Since she started in June 2021, approximately 70 people have taken her up on her offer for a virtual sit-down—and only two of those individuals have opted not to get vaccinated after speaking with her. Gadir is a science communication pro, a vaccine whisperer. And we can all learn from her. You can also be a fly on the wall during her Zoom call with Allen, below. But first, how she got started…

“We can’t expect frontline workers to be the only ones talking about this.”

While Gadir may have a staggering success rate, she never anticipated spending her nights and weekends talking to strangers about lymph nodes and T-cells. But her life experiences and natural loquaciousness positioned her perfectly for this work. Born in London to Sudanese parents, Gadir spent her childhood surrounded by scientific chatter. Her mother is a professor of dentistry, her father works in agriculture, several other family members are doctors. The immune system has always fascinated Gadir, and she’s spent more than a decade researching how it works. Her doctoral work focused on Lupus; as a postdoctoral fellow, she studied food allergies at Boston Children’s Hospital.
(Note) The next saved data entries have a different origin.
lemma inner_vec_restrict:
  fixes z :: "real ^ 'e::finite"
  shows "inner z (\<chi> e. if e \<in> G then f e else 0) = (\<Sum>e\<in>G. z $ e * f e)"
  by (simp add: inner_vec_def if_distrib sum.If_cases)

lemma schubert_variety_Infty_off_flat:
  assumes V: "subspace V" and "is_flat V G" and v: "v \<in> V"
  shows "(\<lambda>e. if e \<in> G then Fin (v $ e) else Infty) \<in> schubert_variety V"
    (is "?p \<in> _")
proof -
  obtain u where u: "u \<in> V" "\<And>e. u $ e = 0 \<longleftrightarrow> e \<in> G"
    using is_flatE[OF \<open>is_flat V G\<close>] by blast
  define l where "l s e = (if e \<in> G then 1 else s / (s * v $ e + u $ e))" for s :: real and e
  define X where "X s e = (if e \<in> G then v $ e else 1)" for s :: real and e
  have "((\<lambda>s. l s e) \<longlongrightarrow> hy (?p e)) (at 0)" for e
  proof (cases "e \<in> G")
    case False
    then have "((\<lambda>s. s / (s * v $ e + u $ e)) \<longlongrightarrow> 0 / (0 * v $ e + u $ e)) (at 0)"
      using u(2) by (intro tendsto_intros) auto
    with False show ?thesis by (simp add: l_def)
  qed (simp add: l_def)
  moreover have "((\<lambda>s. X s e) \<longlongrightarrow> hx (?p e)) (at 0)" for e
    by (simp add: X_def)
  moreover have "\<forall>\<^sub>F s in at 0. s \<noteq> 0 \<and> (\<forall>e. e \<notin> G \<longrightarrow> s * v $ e + u $ e \<noteq> 0)"
  proof -
    have "\<forall>\<^sub>F s in at (0::real). e \<notin> G \<longrightarrow> s * v $ e + u $ e \<noteq> 0" for e
    proof (cases "e \<in> G")
      case False
      have "((\<lambda>s. s * v $ e + u $ e) \<longlongrightarrow> 0 * v $ e + u $ e) (at (0::real))"
        by (intro tendsto_intros)
      then have "\<forall>\<^sub>F s in at (0::real). s * v $ e + u $ e \<noteq> 0"
        using False u(2) by (intro tendsto_imp_eventually_ne) auto
      then show ?thesis
        by eventually_elim simp
    qed simp
    then have "\<forall>\<^sub>F s in at (0::real). \<forall>e. e \<notin> G \<longrightarrow> s * v $ e + u $ e \<noteq> 0"
      by (rule eventually_all_finite)
    moreover have "\<forall>\<^sub>F s in at (0::real). s \<noteq> 0"
      by (simp add: eventually_at_filter)
    ultimately show ?thesis
      by eventually_elim auto
  qed
  then have "\<forall>\<^sub>F s in at 0. \<exists>q\<in>embed_P1 ` V. \<exists>l'.
      X s = (\<lambda>e. l' e * hx (q e)) \<and> l s = (\<lambda>e. l' e * hy (q e))"
  proof eventually_elim
    case (elim s)
    have "v + (1 / s) *\<^sub>R u \<in> V"
      using V v u(1) by (intro subspace_add subspace_scale)
    then have q: "embed_P1 (v + (1 / s) *\<^sub>R u) \<in> embed_P1 ` V"
      by (rule imageI)
    have "X s e = l s e * (v + (1 / s) *\<^sub>R u) $ e" for e
    proof (cases "e \<in> G")
      case False
      then have "s * v $ e + u $ e \<noteq> 0" using elim by blast
      moreover have "(v + (1 / s) *\<^sub>R u) $ e = (s * v $ e + u $ e) / s"
        using elim by (simp add: field_simps)
      ultimately show ?thesis
        using False elim by (simp add: X_def l_def)
    qed (simp add: X_def l_def u(2))
    then show ?case
      by (intro bexI[OF _ q] exI[of _ "l s"]) (simp add: embed_P1_def fun_eq_iff)
  qed
  ultimately show ?thesis
    unfolding schubert_variety_def by (intro zariski_closure_P1_tendsto) auto
qed

lemma schubert_variety_linear_relation:
  assumes "p \<in> schubert_variety V" and "\<And>e. e \<in> G \<Longrightarrow> hy (p e) = 1"
    and "\<And>v. v \<in> V \<Longrightarrow> (\<Sum>e\<in>G. z e * v $ e) = 0"
  shows "(\<Sum>e\<in>G. z e * hx (p e)) = 0"
proof -
  obtain d S c where mh: "mh_poly d S"
    and eval: "\<And>q. (\<And>e. e \<in> G \<Longrightarrow> hy (q e) = 1) \<Longrightarrow> mh_eval d S c q = (\<Sum>e\<in>G. z e * hx (q e))"
    using linear_form_mh_poly by blast
  have "\<forall>q\<in>embed_P1 ` V. mh_eval d S c q = 0"
    using assms(3) by (auto simp: eval embed_P1_def)
  then have "mh_eval d S c p = 0"
    using assms(1) mh unfolding schubert_variety_def zariski_closure_P1_def by blast
  then show ?thesis
    using eval assms(2) by simp
qed

lemma schubert_variety_finite_on_imp_proj:
  fixes V :: "(real ^ 'e::finite) set"
  assumes V: "subspace V" and p: "p \<in> schubert_variety V"
    and fin: "\<And>e. e \<in> G \<Longrightarrow> \<exists>r. p e = Fin r"
  shows "\<exists>v\<in>V. \<forall>e\<in>G. p e = Fin (v $ e)"
proof -
  define pr where "pr v = (\<chi> e. if e \<in> G then v $ e else 0)" for v :: "real ^ 'e"
  have "linear pr"
    unfolding pr_def by (auto intro!: linearI simp: vec_eq_iff)
  then have W: "subspace (pr ` V)"
    using V by (rule linear_subspace_image)
  define x where "x = (\<chi> e. if e \<in> G then hx (p e) else 0)"
  have hy: "hy (p e) = 1" if "e \<in> G" for e
    using fin[OF that] by auto
  have "orthogonal z x" if "z \<in> (pr ` V)\<^sup>\<bottom>" for z
  proof -
    have "(\<Sum>e\<in>G. z $ e * v $ e) = 0" if "v \<in> V" for v
      using \<open>z \<in> _\<close> that by (auto simp: orthogonal_comp_def orthogonal_def pr_def inner_vec_restrict inner_commute)
    then show ?thesis
      using schubert_variety_linear_relation[OF p hy] by (simp add: orthogonal_def x_def inner_vec_restrict)
  qed
  then have "x \<in> pr ` V"
    using orthogonal_comp_self[OF W] by (auto simp: orthogonal_comp_def orthogonal_commute)
  then obtain v where "v \<in> V" "x = pr v" by blast
  moreover have "p e = Fin (x $ e)" if "e \<in> G" for e
    using fin[OF that] that by (auto simp: x_def)
  ultimately show ?thesis
    by (auto simp: pr_def)
qed

lemma schubert_variety_Infty_off_flat_iff:
  assumes "subspace V" and "is_flat V G"
    and "\<And>e. e \<in> G \<Longrightarrow> \<exists>r. p e = Fin r" and "\<And>e. e \<notin> G \<Longrightarrow> p e = Infty"
  shows "p \<in> schubert_variety V \<longleftrightarrow> (\<exists>v\<in>V. \<forall>e\<in>G. p e = Fin (v $ e))"
proof
  assume "p \<in> schubert_variety V"
  then show "\<exists>v\<in>V. \<forall>e\<in>G. p e = Fin (v $ e)"
    by (rule schubert_variety_finite_on_imp_proj[OF assms(1) _ assms(3)])
next
  assume "\<exists>v\<in>V. \<forall>e\<in>G. p e = Fin (v $ e)"
  then obtain v where "v \<in> V" and "p = (\<lambda>e. if e \<in> G then Fin (v $ e) else Infty)"
    using assms(4) by fastforce
  then show "p \<in> schubert_variety V"
    using schubert_variety_Infty_off_flat[OF assms(1,2)] by simp
qed

lemma acyclic_flat_restr_iff:
  "acyclic_flat_restr V G F \<longleftrightarrow> F \<subseteq> G \<and> (\<exists>v\<in>V. (\<forall>e\<in>F. v $ e = 0) \<and> (\<forall>e\<in>G - F. v $ e > 0))"
proof -
  have "(\<lambda>e. if e \<in> G then Some (if e \<in> F then Zero else Pos) else None)
        = (\<lambda>e. if e \<in> G then Some (sign_vec v e) else None)
    \<longleftrightarrow> (\<forall>e\<in>F. v $ e = 0) \<and> (\<forall>e\<in>G - F. v $ e > 0)" if "F \<subseteq> G" for v
    using that unfolding fun_eq_iff sign_vec_def by (auto simp: eq_commute[of _ "sign_of _"])
  then show ?thesis
    unfolding acyclic_flat_restr_def restr_covectors_def covectors_def by blast
qed

theorem lemma3p1:
  fixes V :: "(real ^ 'e::finite) set" and F G :: "'e set"
  assumes "subspace V"
    and "is_flat V F" and "is_flat V G" and "F \<subseteq> G"
  shows "(schubert_variety V \<inter>
           {p. (\<forall>e\<in>F. p e = Fin 0) \<and> (\<forall>e\<in>G - F. \<exists>r>0. p e = Fin r) \<and> (\<forall>e. e \<notin> G \<longrightarrow> p e = Infty)}
         = {p. (\<exists>v\<in>V. \<forall>e\<in>G. p e = Fin (v $ e))
               \<and> (\<forall>e\<in>F. p e = Fin 0) \<and> (\<forall>e\<in>G - F. \<exists>r>0. p e = Fin r) \<and> (\<forall>e. e \<notin> G \<longrightarrow> p e = Infty)})
       \<and> (schubert_variety V \<inter>
           {p. (\<forall>e\<in>F. p e = Fin 0) \<and> (\<forall>e\<in>G - F. \<exists>r>0. p e = Fin r) \<and> (\<forall>e. e \<notin> G \<longrightarrow> p e = Infty)}
         \<noteq> {} \<longleftrightarrow> acyclic_flat_restr V G F)"
    (is "?Y \<inter> ?B = ?R \<and> _")
proof -
  have "p \<in> ?Y \<longleftrightarrow> (\<exists>v\<in>V. \<forall>e\<in>G. p e = Fin (v $ e))" if "p \<in> ?B" for p
    using that by (intro schubert_variety_Infty_off_flat_iff[OF assms(1,3)]) force+
  then have eq: "?Y \<inter> ?B = ?R"
    by blast
  have "?R \<noteq> {} \<longleftrightarrow> (\<exists>v\<in>V. (\<forall>e\<in>F. v $ e = 0) \<and> (\<forall>e\<in>G - F. v $ e > 0))"
  proof
    assume "?R \<noteq> {}"
    then obtain p v where "p \<in> ?B" "v \<in> V" "\<forall>e\<in>G. p e = Fin (v $ e)"
      by blast
    then show "\<exists>v\<in>V. (\<forall>e\<in>F. v $ e = 0) \<and> (\<forall>e\<in>G - F. v $ e > 0)"
      using assms(4) by (intro bexI[of _ v]) fastforce+
  next
    assume "\<exists>v\<in>V. (\<forall>e\<in>F. v $ e = 0) \<and> (\<forall>e\<in>G - F. v $ e > 0)"
    then obtain v where "v \<in> V" "\<forall>e\<in>F. v $ e = 0" "\<forall>e\<in>G - F. v $ e > 0"
      by blast
    then have "(\<lambda>e. if e \<in> G then Fin (v $ e) else Infty) \<in> ?R"
      using assms(4) by auto
    then show "?R \<noteq> {}" by (metis empty_iff)
  qed
  then show ?thesis
    using eq assms(4) by (simp add: acyclic_flat_restr_iff)
qed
But it wasn’t until 2018 that Gadir discovered her passion for making complex science digestible for everyone. As director of research and development for Seed, a startup company focused on the microbiome, Gadir managed experiments and figured out how to communicate results in a consumer-friendly way. These days, when not conducting one-on-one Zoom calls, Gadir works for a biotech company studying cancer immunology.

Having devoted her adult life to understanding the mysteries of the immune system, it’s no surprise that, in the early days of the pandemic, Gadir was drawn to information about the novel coronavirus and possible vaccines. She found herself devouring each new COVID study as it came online. To help her friends and family make sense of the onslaught of COVID-related science suddenly flooding the internet, Gadir began posting to her private Instagram account peer-reviewed and preprint studies worth checking out.

In July 2020, friends asked if she would make her account public so they could share her information, and she did. (It’s @azzagadir, by the way.) A few months later, a physician friend asked Gadir to join Clubhouse to help speak truth to conspiracy theorists who were gaining traction on the app. Gadir remembers one heated debate lasting more than four hours. During the call, listeners were DM-ing Gadir, thanking her for providing evidence that countered misinformation they’d previously believed. That’s when Gadir realized how much she loved talking about science, especially to people outside of academia. “I really liked being able to use my voice and connecting with people in real time,” she says. “That’s what I found rewarding.”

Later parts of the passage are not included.